Detailed Description

In order to make the objects, technical solutions and advantages of the embodiments of the present application clearer, the technical solutions in the embodiments of the present application will be clearly and completely described below with reference to the drawings in the embodiments of the present application, and it is obvious that the described embodiments are only a part of the embodiments of the present application, and not all the embodiments. The components of embodiments of the present application, generally described and illustrated in the figures herein, may be arranged and designed in a wide variety of different configurations. Thus, the following detailed description of the embodiments of the present application, presented in the accompanying drawings, is not intended to limit the scope of the claimed application, but is merely representative of selected embodiments of the application. All other embodiments, which can be derived by a person skilled in the art from the embodiments of the present application without making any creative effort, shall fall within the protection scope of the present application.

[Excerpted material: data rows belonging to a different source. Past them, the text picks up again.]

lemma exists_paired_coset_representatives:
  assumes card_UNIV: "card (UNIV :: 'a set) = 2 * card H * m"
  shows "\<exists>w r. (\<forall>k<2 * m. \<forall>k'<2 * m. k \<noteq> k' \<longrightarrow> r k - r k' \<notin> H)
               \<and> (\<forall>q<m. r (2 * q) + r (2 * q + 1) = w)"
proof -
  obtain w where w: "\<And>y. y + y - w \<notin> H"
    using exists_non_double_coset[OF card_UNIV] by blast
  obtain X where card_X: "card X = m" and X: "coset_separated w X"
    using exists_coset_separated_set[OF card_UNIV w order.refl] by blast
  obtain x where x: "bij_betw x {0..<m} X"
    using ex_bij_betw_nat_finite[of X] card_X by auto
  define r where "r k = (if even k then x (k div 2) else w - x (k div 2))" for k
  have "r k - r k' \<notin> H" if "k < 2 * m" "k' < 2 * m" "k \<noteq> k'" for k k'
  proof -
    have in_X: "x (k div 2) \<in> X" "x (k' div 2) \<in> X"
      using bij_betwE[OF x] that by auto
    have "x (k div 2) \<noteq> x (k' div 2)" if "even k = even k'"
    proof
      assume "x (k div 2) = x (k' div 2)"
      then have "k div 2 = k' div 2"
        using bij_betw_imp_inj_on[OF x] \<open>k < 2 * m\<close> \<open>k' < 2 * m\<close> by (auto dest: inj_onD)
      then show False
        using \<open>k \<noteq> k'\<close> that by (metis div_mult_mod_eq odd_iff_mod_2_eq_one mod2_eq_if)
    qed
    then show ?thesis
      using X in_X diff_mem_commute[of "x (k div 2)" "x (k' div 2)"]
        uminus_mem_iff[of "x (k div 2) + x (k' div 2) - w"]
      by (auto simp: coset_separated_def r_def algebra_simps)
  qed
  moreover have "r (2 * q) + r (2 * q + 1) = w" for q
    by (simp add: r_def)
  ultimately show ?thesis
    by blast
qed

end

text \<open>For \<open>i < n\<close>, cell \<open>(i, j)\<close> lies on \<open>D\<^sub>l\<close> with \<open>l = diag_index n i j\<close>; adding \<open>n\<close>
  avoids truncated subtraction.\<close>
definition diag_index :: "nat \<Rightarrow> nat \<Rightarrow> nat \<Rightarrow> nat" where
  "diag_index n i j = (j + n - i) mod n"

lemma int_diag_index:
  assumes "i < n"
  shows "int (diag_index n i j) = (int j - int i) mod int n"
proof -
  have "int (j + n - i) = (int j - int i) + int n"
    using assms by simp
  then show ?thesis
    unfolding diag_index_def by (simp add: zmod_int)
qed

lemma on_diagonal_iff_diag_index:
  assumes "i < n" "l < n"
  shows "on_diagonal n l i j \<longleftrightarrow> diag_index n i j = l"
proof -
  have "on_diagonal n l i j \<longleftrightarrow> int (diag_index n i j) = int l"
    using assms by (simp add: on_diagonal_def int_diag_index)
  then show ?thesis
    by simp
qed

lemma diag_index_add_mod:
  assumes "i < n" "l < n"
  shows "diag_index n i ((i + l) mod n) = l"
proof -
  have "int (diag_index n i ((i + l) mod n)) = ((int i + int l) mod int n - int i) mod int n"
    using assms by (simp add: int_diag_index zmod_int)
  also have "\<dots> = int l"
    using assms by (simp add: mod_diff_left_eq)
  finally show ?thesis
    by simp
qed

lemma diag_index_diff_mod:
  assumes "j < n" "l < n"
  shows "diag_index n ((j + n - l) mod n) j = l"
proof -
  have "int (diag_index n ((j + n - l) mod n) j) = (int j - (int j + int n - int l) mod int n) mod int n"
    using assms by (simp add: int_diag_index zmod_int of_nat_diff)
  also have "\<dots> = int l"
    using assms by (simp add: mod_diff_right_eq)
  finally show ?thesis
    by simp
qed

lemma add_diag_index_mod:
  assumes "i < n" "j < n"
  shows "(i + diag_index n i j) mod n = j"
proof -
  have "int ((i + diag_index n i j) mod n) = (int i + (int j - int i) mod int n) mod int n"
    using assms by (simp add: int_diag_index zmod_int)
  also have "\<dots> = int j"
    using assms by (simp add: mod_add_right_eq)
  finally show ?thesis
    by simp
qed
(* Let $b,w,n$ be positive integers. There exists a coupling $(X,Y)$ with $X\sim\mathrm{Pclas}(b,w,n)$ and $Y\sim\mathrm{Beta}(w,b)$ such that almost surely $$|X-nY|<\frac{b(4w+b+1)}{2}.$$
   Context: $\mathrm{Pclas}(b,w,n)$ denotes the distribution of the number of white balls in a classical Pólya urn after $n$ completed draws, starting with $b$ black and $w$ white balls: at each draw a uniformly random ball is drawn and returned together with one additional ball of the same color. $\mathrm{Beta}(a,b)$ has density proportional to $x^{a-1}(1-x)^{b-1}$ on $(0,1)$. *)

theory Defs
  imports "HOL-Probability.Probability"
begin

text \<open>Classical Polya urn: distribution of the number of white balls in the urn
after n completed draws, starting with b black and w white balls.
After k draws the urn contains b + w + k balls.\<close>
fun Pclas :: "nat \<Rightarrow> nat \<Rightarrow> nat \<Rightarrow> nat pmf" where
  "Pclas b w 0 = return_pmf w"
| "Pclas b w (Suc n) =
     bind_pmf (Pclas b w n)
       (\<lambda>k. map_pmf (\<lambda>c. if c then Suc k else k)
              (bernoulli_pmf (real k / real (b + w + n))))"

definition beta_density :: "real \<Rightarrow> real \<Rightarrow> real \<Rightarrow> real" where
  "beta_density a b x =
     (if 0 < x \<and> x < 1 then x powr (a - 1) * (1 - x) powr (b - 1) / Beta a b else 0)"

definition Beta_distr :: "real \<Rightarrow> real \<Rightarrow> real measure" where
  "Beta_distr a b = density lborel (\<lambda>x. ennreal (beta_density a b x))"

end

theory Submission
  imports Defs
begin

text \<open>The coupling is inverse transform sampling: if \<open>G\<close> is the distribution function of
  Beta(\<open>w\<close>, \<open>b\<close>) and \<open>F\<close> that of the urn, then \<open>G(Y)\<close> is uniform and \<open>X\<close> is the \<open>F\<close>-quantile
  of \<open>G(Y)\<close>. For integer parameters \<open>G(y) = P(Bin(w + b - 1, y) \<ge> w)\<close>. Removing one ball from
  the initial urn expresses \<open>F\<close> as a mixture with weight \<open>k / (n + w + b - 1)\<close> of the
  distribution functions of smaller urns, while conditioning on one trial expresses the binomial
  tail as the same kind of mixture with weight \<open>y\<close>. Comparing the weights, induction on \<open>w + b\<close>
  gives \<open>F(k) \<le> G(y)\<close> for \<open>k \<le> n y\<close> and \<open>F(k) \<ge> G(y)\<close> for \<open>k \<ge> y (n + w + b - 1) + w + b - 1\<close>,
  hence \<open>n Y \<le> X < n Y + 2 (w + b) - 1\<close>.\<close>

section \<open>The classical Polya urn\<close>

lemma set_pmf_Pclas: "set_pmf (Pclas b w n) \<subseteq> {w..w + n}"
  by (induction n) (force split: if_splits)+

lemma finite_set_pmf_Pclas: "finite (set_pmf (Pclas b w n))"
  using set_pmf_Pclas by (rule finite_subset) simp

lemma pmf_Pclas_outside: "k \<notin> {w..w + n} \<Longrightarrow> pmf (Pclas b w n) k = 0"
  using set_pmf_Pclas by (meson pmf_eq_0_set_pmf subsetD)

lemma bernoulli_pmf_0: "bernoulli_pmf 0 = return_pmf False"
  and bernoulli_pmf_1: "bernoulli_pmf 1 = return_pmf True"
  by (rule pmf_eqI, simp split: split_indicator)+

lemma Pclas_white_0: "Pclas b 0 n = return_pmf 0"
  by (induction n) (simp_all add: bernoulli_pmf_0 bind_return_pmf)

lemma Pclas_black_0: "w > 0 \<Longrightarrow> Pclas 0 w n = return_pmf (w + n)"
  by (induction n) (simp_all add: bernoulli_pmf_1 bind_return_pmf)

lemma pmf_map_bernoulli_Suc:
  assumes "0 \<le> q" "q \<le> 1"
  shows "pmf (map_pmf (\<lambda>c. if c then Suc a else a) (bernoulli_pmf q)) y =
           (if y = Suc a then q else 0) + (if y = a then 1 - q else 0)"
  using assms by (simp add: map_pmf_def pmf_bind split: split_indicator)

lemma pmf_Pclas_Suc:
  "pmf (Pclas b w (Suc n)) y =
     (if y = 0 then 0 else pmf (Pclas b w n) (y - 1) * (real (y - 1) / real (b + w + n)))
     + pmf (Pclas b w n) y * (1 - real y / real (b + w + n))"
proof -
  let ?p = "Pclas b w n" and ?A = "{w..w + n}"
  let ?q = "\<lambda>a::nat. real a / real (b + w + n)"
  have q: "a \<in> ?A \<Longrightarrow> 0 \<le> ?q a \<and> ?q a \<le> 1" for a
    by (cases "b + w + n = 0") (auto simp: divide_simps)
  have "pmf (Pclas b w (Suc n)) y =
      (\<Sum>a\<in>?A. pmf (map_pmf (\<lambda>c. if c then Suc a else a) (bernoulli_pmf (?q a))) y * pmf ?p a)"
    by (simp add: pmf_bind, subst integral_measure_pmf_real[where A = ?A])
       (auto dest: set_pmf_Pclas[THEN subsetD])
  also have "\<dots> = (\<Sum>a\<in>?A. ((if y = Suc a then ?q a else 0) + (if y = a then 1 - ?q a else 0)) * pmf ?p a)"
    by (intro sum.cong refl, subst pmf_map_bernoulli_Suc) (use q in auto)
  also have "\<dots> = (\<Sum>a\<in>?A. if a = y - 1 \<and> y \<noteq> 0 then ?q a * pmf ?p a else 0)
                 + (\<Sum>a\<in>?A. if a = y then (1 - ?q a) * pmf ?p a else 0)"
    by (subst sum.distrib[symmetric], intro sum.cong refl) auto
  also have "\<dots> = (if y = 0 then 0 else pmf ?p (y - 1) * ?q (y - 1)) + pmf ?p y * (1 - ?q y)"
    using pmf_Pclas_outside[of "y - 1" w n b] pmf_Pclas_outside[of y w n b]
    by auto
  finally show ?thesis by simp
qed

definition Pclas_cdf :: "nat \<Rightarrow> nat \<Rightarrow> nat \<Rightarrow> nat \<Rightarrow> real" where
  "Pclas_cdf b w n k = measure_pmf.prob (Pclas b w n) {..k}"

lemma Pclas_cdf_eq_sum: "Pclas_cdf b w n k = (\<Sum>x\<le>k. pmf (Pclas b w n) x)"
  by (simp add: Pclas_cdf_def measure_measure_pmf_finite)

lemma Pclas_cdf_nonneg: "0 \<le> Pclas_cdf b w n k"
  by (simp add: Pclas_cdf_def)

lemma Pclas_cdf_eq_1: "w + n \<le> k \<Longrightarrow> Pclas_cdf b w n k = 1"
  unfolding Pclas_cdf_eq_sum by (rule sum_pmf_eq_1) (use set_pmf_Pclas in force)+

lemma Pclas_cdf_0: "Pclas_cdf b w 0 k = (if w \<le> k then 1 else 0)"
  by (simp add: Pclas_cdf_def)

lemma Pclas_cdf_white_0: "Pclas_cdf b 0 n k = 1"
  by (simp add: Pclas_cdf_def Pclas_white_0)

lemma Pclas_cdf_black_0: "w > 0 \<Longrightarrow> Pclas_cdf 0 w n k = (if w + n \<le> k then 1 else 0)"
  by (simp add: Pclas_cdf_def Pclas_black_0)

The following detailed description of embodiments of the invention is made with reference to the accompanying drawings 1 and 4:

the historical case first page data is a record item generated after the patient is completely hospitalized, each record comprises individual information (encrypted information such as identification number, sex, age, hospitalization time and discharge time) of the patient, information (information such as hospital grade and hospital address) of the hospitalization hospital and hospitalization Disease diagnosis (main diagnosis and at most 15 secondary diagnoses) of the patient, and the 10 th edition code of International Classification of Disease-review 10, ICD-10 is adopted; based on the above, data needs to be preprocessed, that is, variables with a deletion rate greater than 30% in a data set are removed, and the residual data with the deletion rate are filled with the missing values by using the mean value of the non-missing parts; data without missing values are obtained and stored in a storage space established in the storage medium, such as a database.

The goal of the present invention is to predict a patient's risk of disease N years into the future based on the patient's historical disease and individual information. Therefore, before data without missing values is formed, patients with hospitalization records with time span exceeding N years need to be screened, the chronic disease diagnosis of the hospitalization records of the last N years of the patients is taken as a prediction label, and the historical diseases are taken as known information; according to the invention, by setting the value of N, the future disease risk of the patient at different time granularities can be predicted.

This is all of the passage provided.